Pipeline in R for performing power calculations (based on chi-squared test) for genetic studies, using pwr R package (see vignette here). Its main application is to assist users with experimental design.
The rational behind performing power calculations is that a study with low statistical power has a reduced chance of detecting a true effect, but it is less well appreciated that low power also reduces the likelihood that a statistically significant result reflects a true effect (see "Power failure: why small sample size undermines the reliability of neuroscience" published in Nature Reviews Neuroscience (2013)). The consequences of this include overestimates of effect size and low reproducibility of results.

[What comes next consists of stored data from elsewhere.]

(* For every $n\ge 4$, the vertex of $\mathrm{PYR}(n)$ corresponding to the pyramidal tour with code $\langle 1,1,\dots,1\rangle$ and the vertex corresponding to the pyramidal tour with code $\langle 0,0,\dots,0\rangle$ are each adjacent to every other vertex of $\mathrm{PYR}(n)$.
   Context: Let $K_n$ be the complete undirected graph on vertex set $\{1,\dots,n\}$ with edge set $E$. A Hamiltonian cycle $\langle 1,i_1,\dots,i_r,n,j_1,\dots,j_{n-r-2}\rangle$ is called a pyramidal tour if $i_1<i_2<\dots<i_r$ and $j_1>j_2>\dots>j_{n-r-2}$; tours are undirected. Let $PT_n$ be the set of all pyramidal tours. For $x\in PT_n$ its characteristic vector $x^v\in\mathbb{R}^E$ has $x^v_e=1$ if edge $e$ lies in $x$ and $0$ otherwise. The pyramidal tours polytope is $\mathrm{PYR}(n)=\operatorname{conv}\{x^v : x\in PT_n\}$. Every pyramidal tour contains the edge $\{1,2\}$; the tour is oriented so that vertex $2$ belongs to the increasing part. The code of $x$ is the $0/1$ vector $x^c=(x^c_3,\dots,x^c_{n-1})$ with $x^c_i=1$ if vertex $i$ is visited in the increasing part of $x$ and $x^c_i=0$ otherwise; $x\mapsto x^c$ is a bijection from $PT_n$ onto $\{0,1\}^{n-3}$. Two vertices are adjacent if the segment joining them is a one-dimensional face of the polytope. *)

theory Defs
  imports "HOL-Analysis.Analysis" "HOL-Library.Function_Algebras"
begin

text \<open>Real vector space structure on functions (pointwise), so that
  \<open>\<real>^E\<close> can be modelled as functions from edges (2-element vertex sets)
  to reals, uniformly in n.\<close>

instantiation "fun" :: (type, real_vector) real_vector
begin
definition scaleR_fun :: "real \<Rightarrow> ('a \<Rightarrow> 'b) \<Rightarrow> 'a \<Rightarrow> 'b"
  where "scaleR_fun c f = (\<lambda>x. c *\<^sub>R f x)"
instance
  by standard (simp_all add: scaleR_fun_def fun_eq_iff scaleR_add_right scaleR_add_left)
end

definition Kn_edges :: "nat \<Rightarrow> nat set set" where
  "Kn_edges n = {{i, j} | i j. i \<in> {1..n} \<and> j \<in> {1..n} \<and> i \<noteq> j}"

definition tour_edges :: "nat list \<Rightarrow> nat set set" where
  "tour_edges xs = {{xs ! k, xs ! ((k + 1) mod length xs)} | k. k < length xs}"

text \<open>The sequence 1, inc, n, dec describes a pyramidal tour of K_n:
  inc strictly increasing, dec strictly decreasing, together visiting each of
  2..n-1 exactly once.\<close>
definition pyr_seq :: "nat \<Rightarrow> nat list \<Rightarrow> nat list \<Rightarrow> bool" where
  "pyr_seq n inc dec \<longleftrightarrow> sorted_wrt (<) inc \<and> sorted_wrt (>) dec \<and>
     distinct (inc @ dec) \<and> set (inc @ dec) = {2..n-1}"

definition PT :: "nat \<Rightarrow> nat set set set" where
  "PT n = {tour_edges (1 # inc @ n # dec) | inc dec. pyr_seq n inc dec}"

definition charvec :: "nat set set \<Rightarrow> (nat set \<Rightarrow> real)" where
  "charvec T = (\<lambda>e. if e \<in> T then 1 else 0)"

definition PYR :: "nat \<Rightarrow> (nat set \<Rightarrow> real) set" where
  "PYR n = convex hull (charvec ` PT n)"

text \<open>Code of a tour: entry i (3 \<le> i \<le> n-1) is 1 iff i is visited in the
  increasing part, the tour being oriented so that 2 is in the increasing part.\<close>
definition pyr_code :: "nat \<Rightarrow> nat set set \<Rightarrow> nat \<Rightarrow> nat" where
  "pyr_code n T i = (if \<exists>inc dec. pyr_seq n inc dec \<and> 2 \<in> set inc \<and>
        tour_edges (1 # inc @ n # dec) = T \<and> i \<in> set inc then 1 else 0)"

definition adjacent_in :: "('a::real_vector) set \<Rightarrow> 'a \<Rightarrow> 'a \<Rightarrow> bool" where
  "adjacent_in P x y \<longleftrightarrow> x \<noteq> y \<and> closed_segment x y face_of P"

end

theory Submission
  imports Defs
begin

text \<open>A pyramidal tour is determined by the set \<open>A \<ni> 2\<close> of inner vertices on its increasing
  path; its edges are the pairs of neighbours in \<open>{1, n} \<union> A\<close> and in \<open>{1, n} \<union> ({2..n-1} - A)\<close>.
  Let T be the tour with \<open>A = {2..n-1}\<close> or \<open>A = {2}\<close> and Y any other tour. Whether two vertices
  \<open>k, k+1\<close> lie on the same path of a tour Z is witnessed by a long edge of Z jumping over them,
  and apart from \<open>{1, 3}\<close> the long edges of T are shared by no tour but T itself. Hence a tour Z
  using only edges of T and Y agrees with Y at every \<open>k\<close>, i.e. \<open>Z \<in> {T, Y}\<close>. The number of edges
  outside \<open>T \<union> Y\<close> is then a linear functional vanishing at the vertices of T and Y and at
  least 1 at every other vertex of the polytope, so the segment between them is a face.\<close>

definition consecutive :: "'a::linorder set \<Rightarrow> 'a \<Rightarrow> 'a \<Rightarrow> bool" where
  "consecutive S a b \<longleftrightarrow> a \<in> S \<and> b \<in> S \<and> a < b \<and> (\<forall>c\<in>S. \<not> (a < c \<and> c < b))"

definition consecutive_pairs :: "'a::linorder set \<Rightarrow> 'a set set" where
  "consecutive_pairs S = {{a, b} | a b. consecutive S a b}"

fun path_edges :: "'a list \<Rightarrow> 'a set set" where
  "path_edges (x # y # r) = insert {x, y} (path_edges (y # r))"
| "path_edges _ = {}"

lemma consecutive_pairsI: "consecutive S a b \<Longrightarrow> {a, b} \<in> consecutive_pairs S"
  unfolding consecutive_pairs_def by blast

lemma mem_consecutive_pairsD: "{a, b} \<in> consecutive_pairs S \<Longrightarrow> a < b \<Longrightarrow> consecutive S a b"
  unfolding consecutive_pairs_def consecutive_def by (auto simp: doubleton_eq_iff)

lemma consecutive_not_between: "consecutive S a b \<Longrightarrow> a < c \<Longrightarrow> c < b \<Longrightarrow> c \<notin> S"
  unfolding consecutive_def by blast

lemma consecutive_insert_least:
  assumes "\<forall>s\<in>S. x < s" "y \<in> S" "\<forall>s\<in>S. y \<le> s"
  shows "consecutive (insert x S) a b \<longleftrightarrow> (a = x \<and> b = y) \<or> consecutive S a b"
  using assms unfolding consecutive_def by (safe; auto) (meson antisym not_less)

lemma consecutive_straddling:
  assumes "finite S" "a \<in> S" "c \<in> S" "a < m" "m < c" "m \<notin> S"
  shows "\<exists>i j. consecutive S i j \<and> i < m \<and> m < j"
proof -
  let ?L = "{x\<in>S. x < m}" and ?U = "{x\<in>S. m < x}"
  have L: "finite ?L" "?L \<noteq> {}" and U: "finite ?U" "?U \<noteq> {}"
    using assms by auto
  define i where "i = Max ?L"
  define j where "j = Min ?U"
  have i: "i \<in> S" "i < m" and j: "j \<in> S" "m < j"
    using Max_in[OF L] Min_in[OF U] unfolding i_def j_def by auto
  have "consecutive S i j"
    unfolding consecutive_def
  proof (intro conjI ballI)
    fix x assume x: "x \<in> S"
    show "\<not> (i < x \<and> x < j)"
    proof (cases x m rule: linorder_cases)
      case less
      then have "x \<le> i" unfolding i_def using x L(1) by (intro Max_ge) auto
      then show ?thesis by (auto dest: leD)
    next
      case greater
      then have "j \<le> x" unfolding j_def using x U(1) by (intro Min_le) auto
      then show ?thesis by (auto dest: leD)
    qed (use x assms(6) in simp)
  qed (use i j in auto)
  with i j show ?thesis by blast
qed

lemma path_edges_append: "path_edges (u @ y # v) = path_edges (u @ [y]) \<union> path_edges (y # v)"
proof (induction u)
  case (Cons x u)
  then show ?case by (cases u) auto
qed simp

lemma path_edges_rev: "path_edges (rev xs) = path_edges xs"
proof (induction xs rule: path_edges.induct)
  case (1 x y r)
  have "path_edges (rev (x # y # r)) = path_edges (rev (y # r)) \<union> {{x, y}}"
    by (simp add: path_edges_append[of "rev r" y "[x]"] insert_commute)
  with 1 show ?case by auto
qed auto

lemma path_edges_conv_nth:
  "path_edges xs = (\<lambda>k. {xs ! k, xs ! Suc k}) ` {..<length xs - 1}"
proof (induction xs rule: path_edges.induct)
  case (1 x y r)
  have "{..<length (x # y # r) - 1} = insert 0 (Suc ` {..<length (y # r) - 1})"
    by (simp add: lessThan_Suc_eq_insert_0)
  with 1 show ?case
    by (simp add: image_image)
qed auto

Use the environment.yaml file to create conda environment and install required packages. The -p
flag should point to the miniconda installation path. For instance, to create power_calc_genetics
environment using miniconda installed in /miniconda
directory run the following command:
conda env create -p /miniconda/envs/power_calc_genetics --file envm/environment.yaml
Activate created power_calc_genetics
conda environment before running the pipeline
conda activate power_calc_genetics
To run the pipeline execute the power_calc_genetics.R script. This script catches the arguments from the command line and passes them to the power_calc_genetics.Rmd script to perform power calculations and produce the interactive HTML
report.
Argument | Description | Required |
---|---|---|
--samples_n | Total number of samples | No |
--features_n | Total number of features (used for multihypothesis testing adjustment) | No |
--power | Power of test (1 - type II error probability) | No |
--sig_level | Significance level (type I error probability) | No |
--deg_freedom | Degree of freedom | No |
--report_name | Desired name for the report | No |
--report_dir | Desired location for the report | Yes |
--seed | Seed for random number generation | No |
--hide_code_btn | Hide the "Code" button allowing to show/hide code chunks in the final HTML report |
No |
Packages: required packages are listed in environment.yaml file.
Below is a command line use example for generating a genetic power calculations report for a hypothetical dataset of 10000 samples and 100000 genetic features (variants):
conda activate power_calc_genetics
power_calc_genetics.R script (see the beginning of Usage section) should be executed from the scripts folder
cd Power_calc_genetics/scripts
Rscript power_calc_genetics.R --samples_n 10000 --power 0.9 --sig_level 0.05 --deg_freedom 1 --features_n 100000 --report_name power_calc_genetics --report_dir output
The interactive HTML
report named power_calc_genetics.html
will be created in output
folder.
Note: make sure that the created conda environment (see Installation section) is activated
The pipeline generates HTML
-based genetic power calculations report within user-defined output
folder:
|
|____[output]
|____[power_calc_genetics].html
|____[power_calc_genetics].md
Note: the [power_calc_genetics].md file is a markdown (md) file containing a plain text representation of the content before it's formatted into the .html report.